Transferability of Membership. Except as provided below, Membership Interests in the Company are transferable only with the unanimous written consent of all Members. If such unanimous written consent is not obtained when required, the transferee shall be entitled to receive only the share of profits or other compensation by way of income and the return of contributions to which the transferor Member otherwise would be entitled.

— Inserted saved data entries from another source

lemma first_visit_append:
  assumes q: "q \<in> excursions m" and r: "r \<in> lattice_paths k"
  shows "q @ r \<in> lattice_paths (m + k)" and "first_visit (m + k) (q @ r) = k"
proof -
  have q_path: "q \<in> lattice_paths m"
    using q by (simp add: excursions_def)
  have "0 < m"
    using q excursions_0 by (metis empty_iff gr0I)
  have len_q: "length q = 3 * m"
    using q_path by (rule lattice_paths_length)
  show qr_path: "q @ r \<in> lattice_paths (m + k)"
    using q_path r by (simp add: lattice_paths_def)
  have "first_visit_time (m + k) (q @ r) = 3 * m"
    unfolding first_visit_time_def
  proof (rule Least_equality)
    show "0 < 3 * m \<and> on_diag (pos (m + k) (q @ r) (3 * m))"
      using \<open>0 < m\<close> q_path len_q on_diag_pos_iff_balanced[OF qr_path]
      by (simp add: balanced_def lattice_paths_def)
    show "3 * m \<le> i" if "0 < i \<and> on_diag (pos (m + k) (q @ r) i)" for i
    proof (rule ccontr)
      assume "\<not> 3 * m \<le> i"
      with that q len_q on_diag_pos_iff_balanced[OF qr_path] show False
        by (auto simp: excursions_def)
    qed
  qed
  then show "first_visit (m + k) (q @ r) = k"
    using q_path len_q by (simp add: first_visit_def pos_def lattice_paths_def)
qed

lemma first_visit_eq_image_append:
  assumes "k < n"
  shows "{p \<in> lattice_paths n. first_visit n p = k} =
           (\<lambda>(q, r). q @ r) ` (excursions (n - k) \<times> lattice_paths k)"
proof (intro equalityI subsetI)
  fix p assume "p \<in> {p \<in> lattice_paths n. first_visit n p = k}"
  then have p: "p \<in> lattice_paths n" and "first_visit n p = k"
    by auto
  define t where "t = first_visit_time n p"
  have "(take t p, drop t p) \<in> excursions (n - k) \<times> lattice_paths k"
    using first_visit_decomposition[OF p] \<open>first_visit n p = k\<close> \<open>k < n\<close>
    by (simp add: t_def)
  then show "p \<in> (\<lambda>(q, r). q @ r) ` (excursions (n - k) \<times> lattice_paths k)"
    by (rule rev_image_eqI) simp
next
  fix p assume "p \<in> (\<lambda>(q, r). q @ r) ` (excursions (n - k) \<times> lattice_paths k)"
  then show "p \<in> {p \<in> lattice_paths n. first_visit n p = k}"
    using first_visit_append[of _ "n - k" _ k] \<open>k < n\<close> by auto
qed

lemma card_first_visit_eq:
  assumes "k < n"
  shows "card {p \<in> lattice_paths n. first_visit n p = k} = a1 (n - k) * card (lattice_paths k)"
proof -
  have "inj_on (\<lambda>(q, r). q @ r) (excursions (n - k) \<times> lattice_paths k)"
    by (rule inj_onI) (auto simp: excursions_def dest!: lattice_paths_length)
  then show ?thesis
    by (simp add: first_visit_eq_image_append[OF assms] card_image card_cartesian_product
        a1_eq_card_excursions)
qed

lemma prob_first_visit_eq:
  assumes "k < n"
  shows "measure_pmf.prob (pmf_of_set (lattice_paths n)) {p. first_visit n p = k}
           = real (a1 (n - k)) * multinom3 k / multinom3 n"
proof -
  have "lattice_paths n \<inter> {p. first_visit n p = k} = {p \<in> lattice_paths n. first_visit n p = k}"
    by blast
  then show ?thesis
    by (simp add: measure_pmf_of_set lattice_paths_nonempty finite_lattice_paths
        card_first_visit_eq[OF assms] flip: card_lattice_paths)
qed

lemma pmf_X_dist: "k < n \<Longrightarrow> pmf (X_dist n) k = real (a1 (n - k)) * multinom3 k / multinom3 n"
  by (simp add: X_dist_def pmf_map vimage_def prob_first_visit_eq)

lemma set_pmf_X_dist: "0 < n \<Longrightarrow> set_pmf (X_dist n) \<subseteq> {..<n}"
  by (auto simp: X_dist_def finite_lattice_paths lattice_paths_nonempty first_visit_less)

lemma multinom3_renewal:
  assumes "0 < n"
  shows "multinom3 n = (\<Sum>k<n. real (a1 (n - k)) * multinom3 k)"
proof -
  have "(\<Sum>k<n. pmf (X_dist n) k) = 1"
    by (rule sum_pmf_eq_1) (simp_all add: set_pmf_X_dist assms)
  with multinom3_pos[of n] show ?thesis
    by (simp add: pmf_X_dist field_simps flip: sum_divide_distrib)
qed

lemma pmf_reflected_X_dist:
  assumes "0 < N" and "l \<le> N"
  shows "pmf (map_pmf (\<lambda>k. N - k) (X_dist N)) l = real (a1 l) * multinom3 (N - l) / multinom3 N"
proof -
  have "pmf (map_pmf (\<lambda>k. N - k) (X_dist N)) l = pmf (X_dist N) (N - l)"
    using set_pmf_X_dist[OF \<open>0 < N\<close>] \<open>l \<le> N\<close> by (intro pmf_map_diff_left) auto
  also have "\<dots> = real (a1 l) * multinom3 (N - l) / multinom3 N"
  proof (cases "l = 0")
    case True
    then have "N - l \<notin> set_pmf (X_dist N)"
      using set_pmf_X_dist[OF \<open>0 < N\<close>] by auto
    with True show ?thesis
      by (simp add: set_pmf_iff a1_0)
  next
    case False
    with assms show ?thesis
      by (simp add: pmf_X_dist)
  qed
  finally show ?thesis .
qed

lemma multinom3_Suc:
  "(real n + 1) ^ 2 * multinom3 (Suc n) = 3 * (3 * real n + 1) * (3 * real n + 2) * multinom3 n"
proof -
  have fact_3: "fact (3 * Suc n) =
                  (3 * real n + 1) * (3 * real n + 2) * (3 * (real n + 1)) * fact (3 * n)"
    by (simp add: numeral_3_eq_3 algebra_simps)
  have fact_cube: "(fact (Suc n) :: real) ^ 3 = (real n + 1) ^ 2 * ((real n + 1) * fact n ^ 3)"
    by (simp add: power_mult_distrib[symmetric] add.commute power2_eq_square power3_eq_cube)
  have "real n + 1 \<noteq> 0"
    by linarith
  then show ?thesis
    unfolding multinom3_def fact_3 fact_cube by (simp add: divide_simps) (simp add: algebra_simps)
qed

lemma multinom3_ratio_tendsto: "(\<lambda>n. multinom3 n / multinom3 (Suc n)) \<longlonglongrightarrow> 1 / 27"
proof -
  have "multinom3 n / multinom3 (Suc n) =
          (real n + 1) ^ 2 / (3 * (3 * real n + 1) * (3 * real n + 2))" for n
    using multinom3_Suc[of n] multinom3_pos[of n] multinom3_pos[of "Suc n"]
    by (simp add: divide_simps)
  moreover have
    "(\<lambda>n. (real n + 1) ^ 2 / (3 * (3 * real n + 1) * (3 * real n + 2))) \<longlonglongrightarrow> 1 / 27"
    by real_asymp
  ultimately show ?thesis
    by simp
qed

lemma multinom3_div_power_ge:
  assumes "0 < n"
  shows "2 / (9 * real n) \<le> multinom3 n / 27 ^ n"
proof -
  define b where "b n = multinom3 n / 27 ^ n" for n
  have "incseq (\<lambda>n. real n * b n)"
  proof (rule incseq_SucI)
    fix n
    have "9 * (real n + 1) ^ 2 * b (Suc n) = (3 * real n + 1) * (3 * real n + 2) * b n"
      using multinom3_Suc[of n] by (simp add: b_def field_simps)
    moreover have "9 * real n * (real n + 1) * b n \<le> (3 * real n + 1) * (3 * real n + 2) * b n"
      using multinom3_pos[of n] by (intro mult_right_mono) (simp_all add: b_def algebra_simps)
    ultimately have
      "(9 * (real n + 1)) * (real n * b n) \<le> (9 * (real n + 1)) * ((real n + 1) * b (Suc n))"
      by (simp add: power2_eq_square algebra_simps)
    then have "real n * b n \<le> (real n + 1) * b (Suc n)"
      by (rule mult_left_le_imp_le) simp
    then show "real n * b n \<le> real (Suc n) * b (Suc n)"
      by (simp only: of_nat_Suc add.commute[of 1 "real n"])
  qed
  then have "b 1 \<le> real n * b n"
    using incseqD[of "\<lambda>n. real n * b n" 1 n] assms by simp
  moreover have "b 1 = 2 / 9"
    by (simp add: b_def multinom3_def fact_numeral)
  ultimately have "2 / 9 \<le> real n * b n"
    by simp
  moreover have "0 < real n"
    using assms by simp
  ultimately show ?thesis
    by (simp add: b_def pos_divide_le_eq algebra_simps)
qed

lemma not_summable_multinom3_div_power: "\<not> summable (\<lambda>n. multinom3 n / 27 ^ n)"
proof
  assume "summable (\<lambda>n. multinom3 n / 27 ^ n)"
  then have "summable (\<lambda>n. 2 / (9 * real n))"
    by (rule summable_comparison_test'[where N = 1]) (simp add: multinom3_div_power_ge)
  then have "summable (\<lambda>n. 9 / 2 * (2 / (9 * real n)))"
    by (rule summable_mult)
  then show False
    using not_summable_harmonic[where 'a = real] by (simp add: inverse_eq_divide)
qed

lemma tendsto_pmf_reflected_X_dist:
  "(\<lambda>n. pmf (map_pmf (\<lambda>k. Suc n - k) (X_dist (Suc n))) l) \<longlonglongrightarrow> real (a1 l) / 27 ^ l"
proof (rule LIMSEQ_offset[where k = l])
  have "(\<lambda>n. multinom3 n / multinom3 (n + l)) \<longlonglongrightarrow> (1 / 27) ^ l"
    using multinom3_pos by (intro tendsto_ratio_shift multinom3_ratio_tendsto) (simp add: less_le)
  then have "(\<lambda>n. real (a1 l) * (multinom3 (Suc n) / multinom3 (Suc n + l))) \<longlonglongrightarrow>
               real (a1 l) * (1 / 27) ^ l"
    by (intro tendsto_mult tendsto_const LIMSEQ_Suc)
  moreover have "pmf (map_pmf (\<lambda>k. Suc (n + l) - k) (X_dist (Suc (n + l)))) l =
                   real (a1 l) * (multinom3 (Suc n) / multinom3 (Suc n + l))" for n
    by (simp add: pmf_reflected_X_dist)
  ultimately show "(\<lambda>n. pmf (map_pmf (\<lambda>k. Suc (n + l) - k) (X_dist (Suc (n + l)))) l) \<longlonglongrightarrow>
                     real (a1 l) / 27 ^ l"
    by (simp add: power_one_over)
qed

lemma a1_div_power_sums: "(\<lambda>l. real (a1 l) / 27 ^ l) sums 1"
proof -
  let ?f = "\<lambda>l. real (a1 l) / 27 ^ l"
  have partial_le: "sum ?f {..<N} \<le> 1" for N
    by (rule sum_le_1_if_pmf_tendsto[OF tendsto_pmf_reflected_X_dist]) simp
  then have "summable ?f"
    by (intro summableI_nonneg_bounded) auto
  have "1 \<le> suminf ?f"
  proof (rule renewal_suminf_ge_1[where u = "\<lambda>n. multinom3 n / 27 ^ n"])
    show "multinom3 n / 27 ^ n = (\<Sum>k<n. ?f (n - k) * (multinom3 k / 27 ^ k))" if "0 < n" for n
    proof -
      have "multinom3 n / 27 ^ n = (\<Sum>k<n. real (a1 (n - k)) * multinom3 k / 27 ^ n)"
        by (subst multinom3_renewal[OF \<open>0 < n\<close>]) (simp add: sum_divide_distrib)
      also have "\<dots> = (\<Sum>k<n. ?f (n - k) * (multinom3 k / 27 ^ k))"
      proof (rule sum.cong)
        fix k assume "k \<in> {..<n}"
        then have "(27::real) ^ n = 27 ^ (n - k) * 27 ^ k"
          by (simp flip: power_add)
        then show "real (a1 (n - k)) * multinom3 k / 27 ^ n =
                     ?f (n - k) * (multinom3 k / 27 ^ k)"
          by simp
      qed simp
      finally show ?thesis .
    qed
  qed (use \<open>summable ?f\<close> multinom3_pos not_summable_multinom3_div_power in
       \<open>simp_all add: less_imp_le multinom3_def\<close>)
  moreover have "suminf ?f \<le> 1"
    using \<open>summable ?f\<close> partial_le by (intro suminf_le_const)
  ultimately show ?thesis
    using \<open>summable ?f\<close> by (simp add: sums_iff)
qed

theorem proposition3p5:
  shows "(\<forall>n k. 1 \<le> n \<and> k \<le> n - 1 \<longrightarrow>
            measure_pmf.prob (pmf_of_set (lattice_paths n)) {p. first_visit n p = k}
              = real (a1 (n - k)) * multinom3 k / multinom3 n)
       \<and> (\<exists>X :: nat pmf. (\<forall>l. pmf X l = real (a1 l) / 3 ^ (3 * l)) \<and>
            weak_conv_m (\<lambda>n. measure_pmf (map_pmf (\<lambda>k. real (Suc n - k)) (X_dist (Suc n))))
                        (measure_pmf (map_pmf real X)))"
proof (intro conjI allI impI exI)
  show "measure_pmf.prob (pmf_of_set (lattice_paths n)) {p. first_visit n p = k}
          = real (a1 (n - k)) * multinom3 k / multinom3 n" if "1 \<le> n \<and> k \<le> n - 1" for n k
    using that by (intro prob_first_visit_eq) arith
  define X where "X = embed_pmf (\<lambda>l. real (a1 l) / 27 ^ l)"
  have pmf_X: "pmf X l = real (a1 l) / 27 ^ l" for l
    unfolding X_def by (rule pmf_embed_pmf_sums[OF _ a1_div_power_sums]) simp
  then show "pmf X l = real (a1 l) / 3 ^ (3 * l)" for l
    by (simp add: power_mult)
  show "weak_conv_m (\<lambda>n. measure_pmf (map_pmf (\<lambda>k. real (Suc n - k)) (X_dist (Suc n))))
          (measure_pmf (map_pmf real X))"
    using weak_conv_m_of_pmf_tendsto[of "\<lambda>n. map_pmf (\<lambda>k. Suc n - k) (X_dist (Suc n))" X]
    by (simp add: pmf_X tendsto_pmf_reflected_X_dist map_pmf_comp)
qed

Notwithstanding the foregoing, (i) the Membership Interests of Prime may be freely transferred, without consent, to any entity that is then owned or controlled, directly or indirectly, by PMSI (or its successor in interest), (ii) the Membership Interests of any Member may be freely assigned, pledged or otherwise transferred, without consent, to secure any debt, liability or obligation owed to Prime by the Company, any Member or any entity affiliated with the Company, (iii) the Membership Interests of any Member may be freely assigned, pledged or otherwise transferred, without consent, in favor of the Lender(s) under, or by the Lender(s) as a result of the enforcement of any security interest arising pursuant to, that certain Senior Credit Facility (the "Credit Facility") of PMSI, (iv) the Membership Interests of any Member may be freely transferred, without consent, pursuant to and in accordance with the express terms and conditions of the Contribution Agreement, and (iv) the pledge by LASIK (pursuant to Section 6.3 of the Contribution Agreement) of its right to receive distributions from the Company in respect of its Membership Interest shall not be deemed to violate any provision of this Agreement..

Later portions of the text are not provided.